Mucho tiempo atrás, el ordenador de la nave estelar Basílica había gobernado el planeta Armonía durante cuarenta millones de años. Ahora velaba por una población mucho menor, y también era menor su capacidad de intervención. Pero el planeta que cuidaba era la Tierra, antigua cuna de la especie humana.
La nave Basílica había llevado a un grupo de humanos de retorno al hogar. Dos nuevas especies habían alcanzado la cima de su capacidad intelectual durante la ausencia de la humanidad. Ahora los tres pueblos compartían un vasto macizo de altas montañas, valles exuberantes y un clima que variaba más con la elevación del terreno que con la latitud.
Los cavadores se llamaban a sí mismos gente del suelo y abrían túneles subterráneos que desembocaban en troncos de árboles ahuecados. Los ángeles eran la gente del cielo, y construían nidos en los árboles y se colgaban de las ramas cabeza abajo para dormir, para deliberar y para enseñar. Los humanos eran la gente media, pues vivían en casas sobre la superficie del terreno.

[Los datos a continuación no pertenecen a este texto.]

(* Suppose $\mathbf t\in\Sigma^\circ$ and let $\mathbf x\in(\Sigma^* )^\circ$ satisfy \[ \mathbf t^T\left(\mathbf x\mathbf x^T-(\nu-1)H(\mathbf x)^{-1}\right)\mathbf t\ \ge\ 0. \] Then $\mathbf x\in\mathcal C(\mathbf t)$, equivalently $\mathbf t\in\mathcal P(\mathbf x)$. In particular, if $\mathbf s=-g(\mathbf x)$ for some $\mathbf x\in(\Sigma^* )^\circ$, then $\mathbf x$ is a dual certificate (i.e. $H(\mathbf x)^{-1}\mathbf t\in\Sigma^*$) for every polynomial $\mathbf t$ satisfying $\|\mathbf t-\mathbf s\|^*_{\mathbf x}\le 1$.
   Context: Fix nonzero real polynomials $g_1,\dots,g_m$ in $n$ variables and nonnegative integers $d_1,\dots,d_m$. Let $\mathcal V$ be the real vector space of polynomials $\sum_{i=1}^m g_i r_i$ with $\deg r_i\le 2d_i$, and $\Sigma\subseteq\mathcal V$ the cone of weighted sums of squares $\sum_i g_i\sigma_i$ with each $\sigma_i$ a sum of squares of polynomials of degree at most $d_i$; assume $\Sigma$ is a proper cone. Fix a basis $\mathbf q=(q_1,\dots,q_U)$ of $\mathcal V$, identify $\mathcal V$ and its dual with $\mathbb R^U$ with the standard inner product and Euclidean norm $\|\cdot\|$; $\Sigma^*$ is the dual cone, $K^\circ$ the interior of $K$. For each $i$ fix a basis $\mathbf p_i$ (of size $L_i$) of polynomials of degree at most $d_i$ and let $\Lambda_i:\mathbb R^U\to\mathbb S^{L_i}$ be the unique linear map with $\sum_u q_u\Lambda_i(\mathbf e_u)=g_i\mathbf p_i\mathbf p_i^T$; $\Lambda=\Lambda_1\oplus\cdots\oplus\Lambda_m$ (block diagonal), $\Lambda^*$ its adjoint. Then $(\Sigma^* )^\circ=\{\mathbf x:\Lambda(\mathbf x)\succ0\}$ and $\Sigma^*=\{\mathbf x:\Lambda(\mathbf x)\succeq0\}$. On $(\Sigma^* )^\circ$ let $f(\mathbf x)=-\ln\det\Lambda(\mathbf x)$, with gradient $g(\mathbf x)=-\Lambda^*(\Lambda(\mathbf x)^{-1})$ (not to be confused with the weights $g_i$) and Hessian $H(\mathbf x)\mathbf w=\Lambda^*(\Lambda(\mathbf x)^{-1}\Lambda(\mathbf w)\Lambda(\mathbf x)^{-1})$, positive definite. Let $\nu=\sum_i L_i$. The dual local norm is $\|\mathbf s\|^*_{\mathbf x}=\|H(\mathbf x)^{-1/2}\mathbf s\|$. For $\mathbf s\in\Sigma$, $\mathcal C(\mathbf s)=\{\mathbf x\in(\Sigma^* )^\circ: H(\mathbf x)^{-1}\mathbf s\in\Sigma^*\}$ (the dual certificates of $\mathbf s$), and for $\mathbf x\in(\Sigma^* )^\circ$, $\mathcal P(\mathbf x)=\{\mathbf s\in\Sigma: H(\mathbf x)^{-1}\mathbf s\in\Sigma^*\}$. *)

theory Defs
  imports "HOL-Analysis.Analysis" "HOL-Library.Poly_Mapping"
begin

text \<open>A real polynomial is a finitely supported map from monomials (finitely supported
  exponent vectors, variable index to exponent) to real coefficients.\<close>
type_synonym rpoly = "(nat \<Rightarrow>\<^sub>0 nat) \<Rightarrow>\<^sub>0 real"

definition pconst :: "real \<Rightarrow> rpoly" where
  "pconst c = Poly_Mapping.single 0 c"

definition in_vars :: "nat \<Rightarrow> rpoly \<Rightarrow> bool" where
  "in_vars n p \<longleftrightarrow> (\<forall>\<alpha>\<in>Poly_Mapping.keys (p::rpoly). \<forall>v\<in>Poly_Mapping.keys \<alpha>. v < n)"

definition total_deg_le :: "nat \<Rightarrow> rpoly \<Rightarrow> bool" where
  "total_deg_le k p \<longleftrightarrow> (\<forall>\<alpha>\<in>Poly_Mapping.keys (p::rpoly). (\<Sum>v\<in>Poly_Mapping.keys \<alpha>. Poly_Mapping.lookup \<alpha> v) \<le> k)"

definition polys :: "nat \<Rightarrow> nat \<Rightarrow> rpoly set" where
  "polys n k = {p. in_vars n p \<and> total_deg_le k p}"

definition sos :: "nat \<Rightarrow> nat \<Rightarrow> rpoly set" where
  "sos n k = {\<sigma>. \<exists>hs. set hs \<subseteq> polys n k \<and> \<sigma> = sum_list (map (\<lambda>h. h * h) hs)}"

definition Vspace :: "nat \<Rightarrow> nat \<Rightarrow> (nat \<Rightarrow> rpoly) \<Rightarrow> (nat \<Rightarrow> nat) \<Rightarrow> rpoly set" where
  "Vspace n m g d = {\<Sum>i<m. g i * r i | r. \<forall>i<m. r i \<in> polys n (2 * d i)}"

definition WSOS :: "nat \<Rightarrow> nat \<Rightarrow> (nat \<Rightarrow> rpoly) \<Rightarrow> (nat \<Rightarrow> nat) \<Rightarrow> rpoly set" where
  "WSOS n m g d = {\<Sum>i<m. g i * \<sigma> i | \<sigma>. \<forall>i<m. \<sigma> i \<in> sos n (d i)}"

definition poly_of :: "('U::finite \<Rightarrow> rpoly) \<Rightarrow> real^'U \<Rightarrow> rpoly" where
  "poly_of q c = (\<Sum>u\<in>UNIV. pconst (c $ u) * q u)"

definition coord :: "('U::finite \<Rightarrow> rpoly) \<Rightarrow> rpoly \<Rightarrow> real^'U" where
  "coord q P = (THE c. poly_of q c = P)"

definition is_basis_V :: "nat \<Rightarrow> nat \<Rightarrow> (nat \<Rightarrow> rpoly) \<Rightarrow> (nat \<Rightarrow> nat) \<Rightarrow> ('U::finite \<Rightarrow> rpoly) \<Rightarrow> bool" where
  "is_basis_V n m g d q \<longleftrightarrow>
     (\<forall>u. q u \<in> Vspace n m g d) \<and>
     (\<forall>c. poly_of q c = 0 \<longrightarrow> c = 0) \<and>
     Vspace n m g d \<subseteq> range (poly_of q)"

definition is_basis_polys :: "nat \<Rightarrow> nat \<Rightarrow> nat \<Rightarrow> (nat \<Rightarrow> rpoly) \<Rightarrow> bool" where
  "is_basis_polys n k L b \<longleftrightarrow>
     (\<forall>j<L. b j \<in> polys n k) \<and>
     (\<forall>c. (\<Sum>j<L. pconst (c j) * b j) = 0 \<longrightarrow> (\<forall>j<L. c j = 0)) \<and>
     polys n k \<subseteq> {\<Sum>j<L. pconst (c j) * b j | c. True}"

definition Sig :: "nat \<Rightarrow> nat \<Rightarrow> (nat \<Rightarrow> rpoly) \<Rightarrow> (nat \<Rightarrow> nat) \<Rightarrow> ('U::finite \<Rightarrow> rpoly) \<Rightarrow> (real^'U) set" where
  "Sig n m g d q = {c. poly_of q c \<in> WSOS n m g d}"

definition dual_cone :: "(real^'U::finite) set \<Rightarrow> (real^'U) set" where
  "dual_cone K = {x. \<forall>s\<in>K. 0 \<le> x \<bullet> s}"

definition proper_cone :: "(real^'U::finite) set \<Rightarrow> bool" where
  "proper_cone K \<longleftrightarrow> cone K \<and> convex K \<and> closed K \<and> interior K \<noteq> {} \<and> K \<inter> uminus ` K \<subseteq> {0}"

type_synonym bmat = "nat \<times> nat \<Rightarrow> nat \<times> nat \<Rightarrow> real"

definition bidx :: "nat \<Rightarrow> (nat \<Rightarrow> nat) \<Rightarrow> (nat \<times> nat) set" where
  "bidx m L = Sigma {..<m} (\<lambda>i. {..<L i})"

definition Lam :: "nat \<Rightarrow> (nat \<Rightarrow> rpoly) \<Rightarrow> (nat \<Rightarrow> nat) \<Rightarrow> (nat \<Rightarrow> nat \<Rightarrow> rpoly)
    \<Rightarrow> ('U::finite \<Rightarrow> rpoly) \<Rightarrow> real^'U \<Rightarrow> bmat" where
  "Lam m g L p q x = (\<lambda>(i,j) (i',k).
     if (i,j) \<in> bidx m L \<and> (i',k) \<in> bidx m L \<and> i = i'
     then (\<Sum>u\<in>UNIV. x $ u * coord q (g i * p i j * p i k) $ u) else 0)"

definition bmat_mult :: "(nat \<times> nat) set \<Rightarrow> bmat \<Rightarrow> bmat \<Rightarrow> bmat" where
  "bmat_mult I A B = (\<lambda>a b. \<Sum>c\<in>I. A a c * B c b)"

definition btrace :: "(nat \<times> nat) set \<Rightarrow> bmat \<Rightarrow> real" where
  "btrace I A = (\<Sum>a\<in>I. A a a)"

definition binv :: "(nat \<times> nat) set \<Rightarrow> bmat \<Rightarrow> bmat" where
  "binv I A = (THE B. (\<forall>a b. (a \<notin> I \<or> b \<notin> I) \<longrightarrow> B a b = 0) \<and>
      (\<forall>a\<in>I. \<forall>b\<in>I. bmat_mult I A B a b = (if a = b then 1 else 0)))"

text \<open>adjoint of Lambda: Lambda^*(Y)_u = < Lambda(e_u), Y > = tr(Lambda(e_u) Y)\<close>
definition Lam_adj :: "nat \<Rightarrow> (nat \<Rightarrow> rpoly) \<Rightarrow> (nat \<Rightarrow> nat) \<Rightarrow> (nat \<Rightarrow> nat \<Rightarrow> rpoly)
    \<Rightarrow> ('U::finite \<Rightarrow> rpoly) \<Rightarrow> bmat \<Rightarrow> real^'U" where
  "Lam_adj m g L p q Y = (\<chi> u. btrace (bidx m L) (bmat_mult (bidx m L) (Lam m g L p q (axis u 1)) Y))"

definition grad :: "nat \<Rightarrow> (nat \<Rightarrow> rpoly) \<Rightarrow> (nat \<Rightarrow> nat) \<Rightarrow> (nat \<Rightarrow> nat \<Rightarrow> rpoly)
    \<Rightarrow> ('U::finite \<Rightarrow> rpoly) \<Rightarrow> real^'U \<Rightarrow> real^'U" where
  "grad m g L p q x = - Lam_adj m g L p q (binv (bidx m L) (Lam m g L p q x))"

definition Hess :: "nat \<Rightarrow> (nat \<Rightarrow> rpoly) \<Rightarrow> (nat \<Rightarrow> nat) \<Rightarrow> (nat \<Rightarrow> nat \<Rightarrow> rpoly)
    \<Rightarrow> ('U::finite \<Rightarrow> rpoly) \<Rightarrow> real^'U \<Rightarrow> real^'U^'U" where
  "Hess m g L p q x = (\<chi> v u. (Lam_adj m g L p q
      (let I = bidx m L; Li = binv I (Lam m g L p q x)
       in bmat_mult I (bmat_mult I Li (Lam m g L p q (axis u 1))) Li)) $ v)"

definition psd_sqrt :: "real^'U::finite^'U \<Rightarrow> real^'U^'U" where
  "psd_sqrt A = (THE R. transpose R = R \<and> (\<forall>v. 0 \<le> v \<bullet> (R *v v)) \<and> R ** R = A)"

definition dual_local_norm :: "real^'U::finite^'U \<Rightarrow> real^'U \<Rightarrow> real" where
  "dual_local_norm Hx s = norm (psd_sqrt (matrix_inv Hx) *v s)"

No había ciudades cavadoras sin casas humanas encima, ni aldeas de ángeles sin las cámaras amuralladas de las cuevas artificiales de la gente media debajo. Los extensos conocimientos que los humanos habían traído consigo desde el planeta Armonía eran ínfimos en comparación con los que sus antepasados habían reunido en la Tierra antes de su exilio, hacía cuarenta millones de años. Ahora, incluso eso se había perdido, pero lo que quedaba era tan superior a los conocimientos de la gente del suelo y la gente del cielo que la gente media, dondequiera que viviese, gozaba de gran poder y ascendencia.
En el cielo, el ordenador de la nave Basílica no olvidaba nada, y se valía de los satélites que había puesto en órbita alrededor de la Tierra para observar, reunir datos y memorizar todo lo que aprendía.
Y no estaba solo en su tarea. En la nave vivía una mujer llegada a la Tierra con los primeros colonos, pero que luego, vestida con el manto de capitana, había regresado al cielo, para dormir durante muchos años y despertar de vez en cuando. El manto mantenía la salud de su cuerpo, así que la muerte tardaría en visitarla, si alguna vez llegaba a sorprenderla. Ella recordaba todo cuanto le importaba; recordaba a gente que había vivido y muerto hacía tiempo. Nacimiento, vida y muerte: lo había visto tantas veces que apenas reparaba en ello. Para ella sólo existían las generaciones, las estaciones de su jardín, árboles y hierba y gente que se levantaba y caía, se levantaba y caía.
En la Tierra quedaban pocos recuerdos. Desde el retorno de los humanos se habían salvaguardado dos libros, escritos en delgadas planchas de metal. Uno estaba en manos del rey de los nafari, y se legaba de rey en rey. El otro, menos voluminoso, se había legado al hermano del primer rey, y de él a sus hijos, que no eran reyes, ni siquiera hombres famosos, hasta que al fin, el último de ese linaje, ya incapaz de leer la antigua escritura, entregó el libro de metal más pequeño al hombre que era rey en sus tiempos. Sólo en las páginas de esos libros constaba un recuerdo que perduraba inmutable, de año en año.
En el corazón de aquellos libros, en las profundidades de los archivos de la nave y en la memoria de esa mujer, el principal recuerdo era que los seres humanos habían regresado a la Tierra, convocados por una entidad que no comprendían y que llamaban Guardián de la Tierra. La voz del Guardián no era clara, ni el Guardián resultaba tan inteligible como el ordenador de la nave en los tiempos en que lo llamaban Alma Suprema y la gente lo adoraba como a un dios, El Guardián hablaba por medio de sueños, y aunque muchos captaban aquellos sueños, y muchos creían que significaban algo, sólo unos cuantos sabían quién los había enviado, o lo que el Guardián deseaba de la gente de la Tierra.